La invención permitirá también evaluar el poder fotoprotector de un agente que modula la pigmentación. Se comparará entonces el nivel de daños inducidos por la exposición UV antes o después de la estimulación o inhibición de la pigmentación por el agente, en particular sobre la formación de las “células sunburn”, de los daños al ADN, del estrés oxidativo, etc.
Como se ha indicado anteriormente, el equivalente de piel presenta una pigmentación constitutiva, y la pigmentación puede además aumentar por exposición a un agente pro-pigmentante y/o a radiaciones UV.

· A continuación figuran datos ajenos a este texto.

(* Consider $\dot x=f(x,u)$, $x\in\mathbb{R}^n$, $u\in\mathbb{R}^p$, with $f$ continuously differentiable and solutions defined for all $t\ge0$. Let $K\subseteq\mathbb{R}^n$ be a proper polyhedral cone with representation $(H,V)$, $\mathbf{e}\in\mathrm{int}(K)$, $c\in\mathbb{R}$, and $\|\cdot\|_{\mathcal U}$ a norm on $\mathbb{R}^p$. Assume the system is $K$-monotone and $D_xf(x,u)\,\mathrm{Ker}(H)\subseteq\mathrm{Ker}(H)$ for all $(x,u)$. Let $\ell=\sup_{(x,u)\in\mathbb{R}^n\times\mathbb{R}^p}\sup_{\eta\ne0}\|D_uf(x,u)\eta\|_{\mathbf{e},K}/\|\eta\|_{\mathcal U}$. The following are equivalent: (i) $HD_xf(x,u)\mathbf{e}\le -cH\mathbf{e}$ for all $(x,u)\in\mathbb{R}^n\times\mathbb{R}^p$; (ii) for any two trajectories $x_u(t),y_u(t)$ with the same continuous input $u:\mathbb{R}_{\ge0}\to\mathbb{R}^p$, $\|x_u(t)-y_u(t)\|_{\mathbf{e},K}\le e^{-ct}\|x_u(0)-y_u(0)\|_{\mathbf{e},K}$ for all $t\ge0$; (iii) for any two trajectories $x_u(t),y_v(t)$ with continuous inputs $u,v:\mathbb{R}_{\ge0}\to\mathbb{R}^p$, for all $t\ge0$, $\|x_u(t)-y_v(t)\|_{\mathbf{e},K}\le e^{-ct}\|x_u(0)-y_v(0)\|_{\mathbf{e},K}+\frac{\ell(1-e^{-ct})}{c}\sup_{\tau\in[0,t]}\|u(\tau)-v(\tau)\|_{\mathcal U}$ (with $\frac{1-e^{-ct}}{c}$ read as $t$ when $c=0$). Moreover, if $K$ is pointed, (i) holds for some $c>0$, and the input $u\in\mathbb{R}^p$ is constant, then (iv) the system has a unique globally exponentially stable equilibrium $x^*$, and (v) the functions $V_1(x)=\|\mathrm{diag}(H\mathbf{e})^{-1}H(x-x^* )\|_\infty$ and $V_2(x)=\|\mathrm{diag}(H\mathbf{e})^{-1}Hf(x,u)\|_\infty$ are global Lyapunov functions for the system.
   Context: A cone is a nonempty closed convex set $K\subseteq\mathbb{R}^n$ with $\lambda K\subseteq K$ for $\lambda\ge0$; proper: $\mathrm{int}(K)\ne\emptyset$; pointed: $K\cap(-K)=\{0\}$. Polyhedral with representation $(H,V)$: $K=\{x:Hx\ge0\}=\{Vy:y\ge0\}$. Preorder $x\preceq_Ky\iff y-x\in K$; interval $[x,y]_K=\{z:x\preceq_Kz\preceq_Ky\}$. Gauge seminorm: $\|v\|_{\mathbf{e},K}=\inf\{\lambda\ge0:v\in\lambda[-\mathbf{e},\mathbf{e}]_K\}$. The system is $K$-monotone if for all $x_0\preceq_Ky_0$ and every input signal $u$, the trajectories satisfy $x_u(t)\preceq_Ky_u(t)$ for all $t\ge0$. $\mathrm{diag}(\eta)$ is the diagonal matrix with diagonal $\eta$. *)

theory Defs
  imports "HOL-Analysis.Analysis"
begin

definition hcone :: "real^'n^'m \<Rightarrow> (real^'n) set" where
  "hcone H = {x. \<forall>i. 0 \<le> (H *v x) $ i}"

definition vcone :: "real^'k^'n \<Rightarrow> (real^'n) set" where
  "vcone V = {V *v y | y. \<forall>j. 0 \<le> y $ j}"

definition is_cone :: "(real^'n) set \<Rightarrow> bool" where
  "is_cone K \<longleftrightarrow> K \<noteq> {} \<and> closed K \<and> convex K \<and> (\<forall>a\<ge>0. \<forall>x\<in>K. a *\<^sub>R x \<in> K)"

definition proper_cone :: "(real^'n) set \<Rightarrow> bool" where
  "proper_cone K \<longleftrightarrow> is_cone K \<and> interior K \<noteq> {}"

definition pointed_cone :: "(real^'n) set \<Rightarrow> bool" where
  "pointed_cone K \<longleftrightarrow> K \<inter> uminus ` K = {0}"

definition proper_polyhedral_cone_rep :: "(real^'n) set \<Rightarrow> real^'n^'m \<Rightarrow> real^'k^'n \<Rightarrow> bool" where
  "proper_polyhedral_cone_rep K H V \<longleftrightarrow> proper_cone K \<and> K = hcone H \<and> K = vcone V"

definition cone_le :: "(real^'n) set \<Rightarrow> real^'n \<Rightarrow> real^'n \<Rightarrow> bool" where
  "cone_le K x y \<longleftrightarrow> y - x \<in> K"

definition cone_interval :: "(real^'n) set \<Rightarrow> real^'n \<Rightarrow> real^'n \<Rightarrow> (real^'n) set" where
  "cone_interval K x y = {z. cone_le K x z \<and> cone_le K z y}"

definition gauge_norm :: "(real^'n) set \<Rightarrow> real^'n \<Rightarrow> real^'n \<Rightarrow> real" where
  "gauge_norm K e v = Inf {a. 0 \<le> a \<and> v \<in> (\<lambda>z. a *\<^sub>R z) ` cone_interval K (-e) e}"

definition is_norm :: "('a::real_vector \<Rightarrow> real) \<Rightarrow> bool" where
  "is_norm N \<longleftrightarrow> (\<forall>x. 0 \<le> N x) \<and> (\<forall>x. N x = 0 \<longleftrightarrow> x = 0) \<and>
     (\<forall>a x. N (a *\<^sub>R x) = \<bar>a\<bar> * N x) \<and> (\<forall>x y. N (x + y) \<le> N x + N y)"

En particular, después de la estimulación por los UV a dosis equivalentes a la irradiación diaria o cenital recibidas por una piel humana de un individuo en condiciones fisiológicas, los fibroblastos del modelo según la invención producen unos factores citosolubles tales como unas citoquinas o unos factores de crecimiento que participan en la pigmentación y/o en su modulación.
Además, el número de melanocitos en la capa basal aumenta después de la estimulación por los UV, en particular en un factor de al menos 1,5, y su morfología se modifica: presentan un aumento de la dendricidad marcado por un aumento del número de dendritas así como su alargamiento; la cantidad de melanina aumenta también por síntesis y por aumento de la transferencia en las capas epidérmicas en un factor superior o igual a 1,5.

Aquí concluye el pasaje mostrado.